Twenty four hours into my self imposed Social Media exodus and all seems well. I mean, I haven’t felt the urge to punch anyone yet.
I announced my departure on Facebook and apart from one comment about me being able to spend more time playing with my Lego, nine people ‘liked’ my status update. The sentiment or the actual fact that I was leaving?
Deactivating my Facebook account was fairly straight forward. I thought.
I had to give a reason for such snubbery and I chose the Schwarzenegger option of ‘I’ll be back’. I hit submit just as I spotted that they would helpfully reinstate my account in 7 days.
So within minutes of taking the plunge, I was crawling out of the deep end again to choose a different option. I can’t remember what it was. I was so annoyed at their sneaky tactics for all I know I may have told them I was dead.
I did however stop short of totally deleting my account. I plan to do that if I manage to stay away for six months.
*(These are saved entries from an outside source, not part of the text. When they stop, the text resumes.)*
lemma curve_partition_into_turning_pieces:
  fixes d1 d2 :: "real \<Rightarrow> real^2" and \<alpha> :: nat
  assumes I: "is_interval I"
    and d2: "\<And>t. t \<in> I \<Longrightarrow> (d1 has_vector_derivative d2 t) (at t within I)"
    and cont2: "continuous_on I d2"
    and immersed: "\<And>t. t \<in> I \<Longrightarrow> d1 t \<noteq> 0"
    and \<alpha>: "\<alpha> \<ge> 1"
    and tc: "total_curvature d1 d2 I \<le> ennreal (real \<alpha> * pi)"
  obtains P :: "nat \<Rightarrow> real set"
    where "\<And>k. is_interval (P k)" "\<And>k. P k \<subseteq> I" "I \<subseteq> (\<Union>k<4 * \<alpha>. P k)"
      "\<And>k. \<exists>e. norm e = 1 \<and> (\<forall>t\<in>P k. 7/8 * norm (d1 t) \<le> inner (d1 t) e)"
proof -
  have "0 \<le> real \<alpha> * pi" by simp
  then obtain K where K_mono: "\<And>s t. s \<in> I \<Longrightarrow> t \<in> I \<Longrightarrow> s \<le> t \<Longrightarrow> K s \<le> K t"
    and K_osc: "\<And>s t. s \<in> I \<Longrightarrow> t \<in> I \<Longrightarrow> s \<le> t \<Longrightarrow> K t - K s \<le> real \<alpha> * pi"
    and K_cont: "\<And>s t. s \<in> I \<Longrightarrow> t \<in> I \<Longrightarrow> s \<le> t \<Longrightarrow> continuous_on {s..t} K"
    and chord: "\<And>s t. s \<in> I \<Longrightarrow> t \<in> I \<Longrightarrow> s \<le> t \<Longrightarrow> norm (sgn (d1 t) - sgn (d1 s)) \<le> K t - K s"
    using exists_turning_function[OF I d2 cont2 immersed tc] by blast
  have osc: "K t - K s \<le> real (4 * \<alpha>) * (pi / 4)" if "s \<in> I" "t \<in> I" for s t
  proof (cases "s \<le> t")
    case True
    then show ?thesis using K_osc[OF that] by simp
  next
    case False
    then have "K t - K s \<le> 0" using K_mono[OF that(2,1)] by simp
    also have "0 \<le> real (4 * \<alpha>) * (pi / 4)" by simp
    finally show ?thesis .
  qed
  obtain P where P: "\<And>k. is_interval (P k)" "\<And>k. P k \<subseteq> I" "I \<subseteq> (\<Union>k<4 * \<alpha>. P k)"
    and P_levels: "\<And>k. \<exists>lo. \<forall>t\<in>P k. lo \<le> K t \<and> K t \<le> lo + 2 * (pi / 8)"
    using interval_partition_by_levels[of I "4 * \<alpha>" "pi / 4" K, OF I _ _ K_mono osc] \<alpha>
    by auto
  have "\<exists>e. norm e = 1 \<and> (\<forall>t\<in>P k. 7/8 * norm (d1 t) \<le> inner (d1 t) e)" for k
  proof (cases "P k = {}")
    case True
    then show ?thesis
      by (intro exI[of _ "axis 1 1"]) simp
  next
    case False
    obtain lo where "\<And>t. t \<in> P k \<Longrightarrow> lo \<le> K t \<and> K t \<le> lo + 2 * (pi / 8)"
      using P_levels[of k] by blast
    then obtain c where c: "c \<in> I" "\<And>t. t \<in> P k \<Longrightarrow> \<bar>K t - K c\<bar> \<le> pi / 8"
      using exists_level_center[of I "P k" K, OF I P(2) False K_cont] by blast
    have "7/8 * norm (d1 t) \<le> inner (d1 t) (sgn (d1 c))" if "t \<in> P k" for t
    proof (rule inner_sgn_ge_of_norm_sgn_diff_le)
      have "t \<in> I" using P(2) that by blast
      then show "d1 t \<noteq> 0" "d1 c \<noteq> 0"
        using immersed c(1) by auto
      have "norm (sgn (d1 t) - sgn (d1 c)) \<le> \<bar>K t - K c\<bar>"
        using chord[OF c(1) \<open>t \<in> I\<close>] chord[OF \<open>t \<in> I\<close> c(1)]
        by (cases "c \<le> t") (simp_all add: norm_minus_commute)
      with c(2)[OF that] pi_less_4 show "norm (sgn (d1 t) - sgn (d1 c)) \<le> 1 / 2"
        by linarith
    qed
    then show ?thesis
      using immersed[OF c(1)] by (intro exI[of _ "sgn (d1 c)"]) (simp add: norm_sgn)
  qed
  with P that show ?thesis by blast
qed

lemma gaussian_has_integral:
  fixes c lam :: real
  assumes lam: "lam > 0"
  shows "((\<lambda>u. exp (- (u - c)\<^sup>2 / (4 * lam))) has_integral sqrt (4 * pi * lam)) UNIV"
proof -
  define \<sigma> where "\<sigma> = sqrt (2 * lam)"
  have "\<sigma> > 0" and \<sigma>2: "\<sigma>\<^sup>2 = 2 * lam"
    using lam by (simp_all add: \<sigma>_def)
  then have "(normal_density c \<sigma> has_integral 1) UNIV"
    using has_integral_integral_lborel[of "normal_density c \<sigma>"] by simp
  from has_integral_mult_right[OF this, of "sqrt (4 * pi * lam)"]
  show ?thesis
    using lam by (simp add: normal_density_def \<sigma>2 real_sqrt_mult)
qed

lemma strict_mono_on_if_deriv_pos:
  fixes \<phi> :: "real \<Rightarrow> real"
  assumes S: "is_interval S"
    and der: "\<And>t. t \<in> S \<Longrightarrow> (\<phi> has_real_derivative \<phi>' t) (at t within S)"
    and pos: "\<And>t. t \<in> S \<Longrightarrow> \<phi>' t > 0"
  shows "strict_mono_on S \<phi>"
proof (rule strict_mono_onI)
  fix s t assume st: "s \<in> S" "t \<in> S" "s < t"
  have sub: "{s..t} \<subseteq> S"
    by (rule atLeastAtMost_subset_interval[OF S st(1,2)])
  show "\<phi> s < \<phi> t"
  proof (rule DERIV_pos_imp_increasing_open[OF \<open>s < t\<close>])
    show "continuous_on {s..t} \<phi>"
      by (rule continuous_on_subset[OF DERIV_continuous_on[OF der] sub])
    fix x assume x: "s < x" "x < t"
    then have "x \<in> S" using sub by auto
    have "(\<phi> has_real_derivative \<phi>' x) (at x within {s<..<t})"
      by (rule DERIV_subset[OF der[OF \<open>x \<in> S\<close>]]) (use sub in auto)
    moreover have "at x within {s<..<t} = at x"
      by (rule at_within_open) (use x in auto)
    ultimately have "(\<phi> has_real_derivative \<phi>' x) (at x)"
      by simp
    then show "\<exists>y. (\<phi> has_real_derivative y) (at x) \<and> 0 < y"
      using pos[OF \<open>x \<in> S\<close>] by blast
  qed
qed

lemma nn_integral_comp_increasing_le:
  fixes \<phi> h :: "real \<Rightarrow> real"
  assumes S: "is_interval S"
    and der: "\<And>t. t \<in> S \<Longrightarrow> (\<phi> has_real_derivative \<phi>' t) (at t within S)"
    and pos: "\<And>t. t \<in> S \<Longrightarrow> \<phi>' t > 0"
    and h: "(h has_integral H) UNIV" and h_nonneg: "\<And>u. h u \<ge> 0"
  shows "(\<integral>\<^sup>+t\<in>S. ennreal (h (\<phi> t) * \<phi>' t) \<partial>lborel) \<le> ennreal H"
proof -
  have inj: "inj_on \<phi> S"
    by (rule strict_mono_on_imp_inj_on[OF strict_mono_on_if_deriv_pos[OF S der pos]])
  have "is_interval (\<phi> ` S)"
    using S connected_continuous_image[OF DERIV_continuous_on[OF der]]
    by (simp add: is_interval_connected_1)
  then have "\<phi> ` S \<in> sets lebesgue"
    by (simp add: real_interval_borel_measurable)
  moreover have "h absolutely_integrable_on UNIV"
    using h h_nonneg by (simp add: absolutely_integrable_on_iff_nonneg has_integral_integrable)
  ultimately have h_abs: "h absolutely_integrable_on \<phi> ` S"
    using set_integrable_subset by blast
  define b where "b = integral (\<phi> ` S) h"
  have "b \<le> H"
    unfolding b_def integral_unique[OF h, symmetric]
    by (rule integral_subset_le) (use h_abs h h_nonneg set_lebesgue_integral_eq_integral(1)
        has_integral_integrable in auto)
  have "S \<in> sets lebesgue"
    using S by (simp add: real_interval_borel_measurable)
  then have "(\<lambda>t. \<bar>\<phi>' t\<bar> * h (\<phi> t)) absolutely_integrable_on S \<and>
             integral S (\<lambda>t. \<bar>\<phi>' t\<bar> * h (\<phi> t)) = b"
    using has_absolute_integral_change_of_variables_1'[OF _ der inj] h_abs b_def by blast
  then have "((\<lambda>t. \<bar>\<phi>' t\<bar> * h (\<phi> t)) has_integral b) S"
    using integrable_integral set_lebesgue_integral_eq_integral(1) by fastforce
  then have "((\<lambda>t. h (\<phi> t) * \<phi>' t) has_integral b) S"
    by (rule has_integral_eq[rotated]) (use pos in \<open>simp add: abs_of_pos\<close>)
  then have "(\<integral>\<^sup>+t\<in>S. ennreal (h (\<phi> t) * \<phi>' t) \<partial>lborel) = ennreal b"
    by (rule nn_integral_has_integral_lebesgue'[rotated]) (simp add: h_nonneg pos less_imp_le)
  with \<open>b \<le> H\<close> show ?thesis
    by (simp add: ennreal_leI)
qed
Twitter and Instagram were easier. I just deleted the Apps from all my devices and will not post or look again. I did think about deleting those accounts completely, but there were are gems on there I’d hate future civilisations or bored Friday afternoon office workers to miss out on.
The decision to leave social media was one I’v been considering for a while.
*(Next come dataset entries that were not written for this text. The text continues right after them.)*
(* Suppose $G_1$ and $G_2$ are Polish groups, each of which is isomorphic (as a topological group) to a closed subgroup of the other. If $G_1$ has an $F_\sigma$ subgroup $H_1$ which is universal for $K_\sigma$ subgroups of $G_1$ (i.e., for every $K_\sigma$ subgroup $K\subseteq G_1$ there is a continuous homomorphism $\varphi:G_1\to G_1$ with $\varphi^{-1}(H_1)=K$), then $G_2$ has an $F_\sigma$ subgroup with the analogous property for $K_\sigma$ subgroups of $G_2$.
   Context: A $K_\sigma$ set is a countable union of compact sets; an $F_\sigma$ set is a countable union of closed sets. *)

theory Defs
  imports "HOL-Analysis.Analysis" "HOL-Algebra.Group"
begin

definition topological_group :: "'a monoid \<Rightarrow> 'a topology \<Rightarrow> bool" where
  "topological_group G T \<longleftrightarrow>
     group G \<and> topspace T = carrier G \<and>
     continuous_map (prod_topology T T) T (\<lambda>(x, y). x \<otimes>\<^bsub>G\<^esub> y) \<and>
     continuous_map T T (\<lambda>x. inv\<^bsub>G\<^esub> x)"

definition Polish_space_top :: "'a topology \<Rightarrow> bool" where
  "Polish_space_top T \<longleftrightarrow> completely_metrizable_space T \<and> separable_space T"

definition Polish_group :: "'a monoid \<Rightarrow> 'a topology \<Rightarrow> bool" where
  "Polish_group G T \<longleftrightarrow> topological_group G T \<and> Polish_space_top T"

definition ksigma_in :: "'a topology \<Rightarrow> 'a set \<Rightarrow> bool" where
  "ksigma_in X \<equiv> countable union_of compactin X"

definition closed_subgroup_embedding ::
  "'a monoid \<Rightarrow> 'a topology \<Rightarrow> 'b monoid \<Rightarrow> 'b topology \<Rightarrow> ('a \<Rightarrow> 'b) \<Rightarrow> bool" where
  "closed_subgroup_embedding G1 T1 G2 T2 f \<longleftrightarrow>
     f \<in> hom G1 G2 \<and> inj_on f (carrier G1) \<and>
     subgroup (f ` carrier G1) G2 \<and> closedin T2 (f ` carrier G1) \<and>
     homeomorphic_map T1 (subtopology T2 (f ` carrier G1)) f"

definition universal_Ksigma_subgroup :: "'a monoid \<Rightarrow> 'a topology \<Rightarrow> 'a set \<Rightarrow> bool" where
  "universal_Ksigma_subgroup G T H \<longleftrightarrow>
     subgroup H G \<and> fsigma_in T H \<and>
     (\<forall>K. subgroup K G \<and> ksigma_in T K \<longrightarrow>
        (\<exists>\<phi>. \<phi> \<in> hom G G \<and> continuous_map T T \<phi> \<and>
             {x \<in> carrier G. \<phi> x \<in> H} = K))"

end

theory Submission
  imports Defs
begin

text \<open>Let \<open>f: G1 \<rightarrow> G2\<close> be a closed embedding and \<open>g: G2 \<rightarrow> G1\<close> a continuous injective
  homomorphism. Then \<open>f ` H1\<close> is universal in \<open>G2\<close>: it is \<open>F\<^sub>\<sigma>\<close> because \<open>f\<close> is a closed map,
  and a \<open>K\<^sub>\<sigma>\<close> subgroup \<open>K\<close> of \<open>G2\<close> is carried by \<open>g\<close> to a \<open>K\<^sub>\<sigma>\<close> subgroup of \<open>G1\<close>, so
  \<open>g ` K\<close> is the preimage of \<open>H1\<close> under some continuous endomorphism \<open>\<phi>\<close>.\<close>

lemma closed_subgroup_embedding_continuous_map:
  assumes "closed_subgroup_embedding G1 T1 G2 T2 f"
  shows "continuous_map T1 T2 f"
  using assms homeomorphic_imp_continuous_map continuous_map_in_subtopology
  unfolding closed_subgroup_embedding_def by blast

lemma closed_subgroup_embedding_closed_map:
  assumes "closed_subgroup_embedding G1 T1 G2 T2 f"
  shows "closed_map T1 T2 f"
  using assms closed_map_from_closed_subtopology homeomorphic_imp_closed_map
  unfolding closed_subgroup_embedding_def by blast

lemma countable_union_of_image:
  assumes "(countable union_of P) S" and "\<And>C. P C \<Longrightarrow> Q (f ` C)"
  shows "(countable union_of Q) (f ` S)"
proof -
  obtain \<U> where "countable \<U>" "\<forall>C\<in>\<U>. P C" "\<Union>\<U> = S"
    using assms(1) unfolding union_of_def by blast
  then show ?thesis
    unfolding union_of_def using assms(2)
    by (intro exI[of _ "(`) f ` \<U>"]) auto
qed

lemma fsigma_in_closed_map_image:
  "closed_map X Y f \<Longrightarrow> fsigma_in X S \<Longrightarrow> fsigma_in Y (f ` S)"
  unfolding fsigma_in_def closed_map_def by (erule countable_union_of_image) blast

lemma ksigma_in_continuous_map_image:
  "continuous_map X Y f \<Longrightarrow> ksigma_in X S \<Longrightarrow> ksigma_in Y (f ` S)"
  unfolding ksigma_in_def by (erule countable_union_of_image) (rule image_compactin)

lemma Collect_preimage_conjugate_eq:
  assumes "inj_on f A" "inj_on g B" "g ` B \<subseteq> A" "\<phi> ` A \<subseteq> A" "H \<subseteq> A" "K \<subseteq> B"
    and "{y \<in> A. \<phi> y \<in> H} = g ` K"
  shows "{x \<in> B. f (\<phi> (g x)) \<in> f ` H} = K"
proof -
  have "\<phi> (g x) \<in> A" if "x \<in> B" for x
    using that assms(3,4) by blast
  then have "f (\<phi> (g x)) \<in> f ` H \<longleftrightarrow> g x \<in> {y \<in> A. \<phi> y \<in> H}" if "x \<in> B" for x
    using that assms(1,3,5) by (auto simp: inj_on_image_mem_iff)
  moreover have "g x \<in> g ` K \<longleftrightarrow> x \<in> K" if "x \<in> B" for x
    using that assms(2,6) by (simp add: inj_on_image_mem_iff)
  ultimately show ?thesis using assms(6,7) by auto
qed

lemma universal_Ksigma_subgroup_transfer:
  assumes "group G1" and "group G2"
    and f: "closed_subgroup_embedding G1 T1 G2 T2 f"
    and g: "g \<in> hom G2 G1" "inj_on g (carrier G2)" "continuous_map T2 T1 g"
    and H1: "universal_Ksigma_subgroup G1 T1 H1"
  shows "universal_Ksigma_subgroup G2 T2 (f ` H1)"
  unfolding universal_Ksigma_subgroup_def
proof (intro conjI allI impI; (elim conjE)?)
  have f_inj: "inj_on f (carrier G1)"
    using f by (simp add: closed_subgroup_embedding_def)
  have f_hom: "group_hom G1 G2 f" and g_hom: "group_hom G2 G1 g"
    using assms f g by (simp_all add: group_hom_def group_hom_axioms_def closed_subgroup_embedding_def)
  have H1_subgroup: "subgroup H1 G1"
    using H1 by (simp add: universal_Ksigma_subgroup_def)
  then show "subgroup (f ` H1) G2"
    by (rule group_hom.subgroup_img_is_subgroup[OF f_hom])
  show "fsigma_in T2 (f ` H1)"
    using H1 closed_subgroup_embedding_closed_map[OF f] fsigma_in_closed_map_image
    by (auto simp: universal_Ksigma_subgroup_def)
  fix K assume K: "subgroup K G2" "ksigma_in T2 K"
  have "subgroup (g ` K) G1"
    using K(1) by (rule group_hom.subgroup_img_is_subgroup[OF g_hom])
  moreover have "ksigma_in T1 (g ` K)"
    using K(2) g(3) ksigma_in_continuous_map_image by blast
  ultimately obtain \<phi> where \<phi>: "\<phi> \<in> hom G1 G1" "continuous_map T1 T1 \<phi>"
      "{x \<in> carrier G1. \<phi> x \<in> H1} = g ` K"
    using H1 unfolding universal_Ksigma_subgroup_def by blast
  have "f \<circ> \<phi> \<circ> g \<in> hom G2 G2"
    using g(1) \<phi>(1) f by (simp add: hom_compose closed_subgroup_embedding_def)
  moreover have "continuous_map T2 T2 (f \<circ> \<phi> \<circ> g)"
    using g(3) \<phi>(2) closed_subgroup_embedding_continuous_map[OF f]
    by (simp add: continuous_map_compose)
  moreover have "{x \<in> carrier G2. (f \<circ> \<phi> \<circ> g) x \<in> f ` H1} = K"
    using Collect_preimage_conjugate_eq[OF f_inj g(2) hom_carrier[OF g(1)] hom_carrier[OF \<phi>(1)]
        subgroup.subset[OF H1_subgroup] subgroup.subset[OF K(1)] \<phi>(3)]
    by simp
  ultimately show "\<exists>\<psi>. \<psi> \<in> hom G2 G2 \<and> continuous_map T2 T2 \<psi> \<and>
      {x \<in> carrier G2. \<psi> x \<in> f ` H1} = K"
    by blast
qed

theorem mainTheorem6:
  fixes G1 :: "'a monoid" and T1 :: "'a topology"
    and G2 :: "'b monoid" and T2 :: "'b topology"
  assumes "Polish_group G1 T1" and "Polish_group G2 T2"
    and "\<exists>f. closed_subgroup_embedding G1 T1 G2 T2 f"
    and "\<exists>g. closed_subgroup_embedding G2 T2 G1 T1 g"
    and "\<exists>H1. universal_Ksigma_subgroup G1 T1 H1"
  shows "\<exists>H2. universal_Ksigma_subgroup G2 T2 H2"
proof -
  obtain f where f: "closed_subgroup_embedding G1 T1 G2 T2 f" using assms(3) by blast
  obtain g where g: "closed_subgroup_embedding G2 T2 G1 T1 g" using assms(4) by blast
  obtain H1 where H1: "universal_Ksigma_subgroup G1 T1 H1" using assms(5) by blast
  have "group G1" "group G2"
    using assms(1,2) by (simp_all add: Polish_group_def topological_group_def)
  moreover have "g \<in> hom G2 G1" "inj_on g (carrier G2)"
    using g by (simp_all add: closed_subgroup_embedding_def)
  ultimately show ?thesis
    using universal_Ksigma_subgroup_transfer[OF _ _ f _ _ closed_subgroup_embedding_continuous_map[OF g] H1]
    by blast
qed

end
Basically I was getting fed up with all the click-bait, false news, vitriol, cats, sunrises, sunsets, dogs, #followfriday, friend requests from people I didn’t know, friend requests from people I did know, red pandas, videos of people falling over, cats falling over, dogs falling over, pictures of vegan food and pictures of people eating vegan food falling over dogs.
Since the New Year I have read 1,000,000% fewer tweets and 3 books. I have no idea what any of my family or friends had for lunch or how big Donald Trump’s dick is.
My head is clearer. Food tastes better. I think I may call it Nosocialmedianuary. No hashtag required.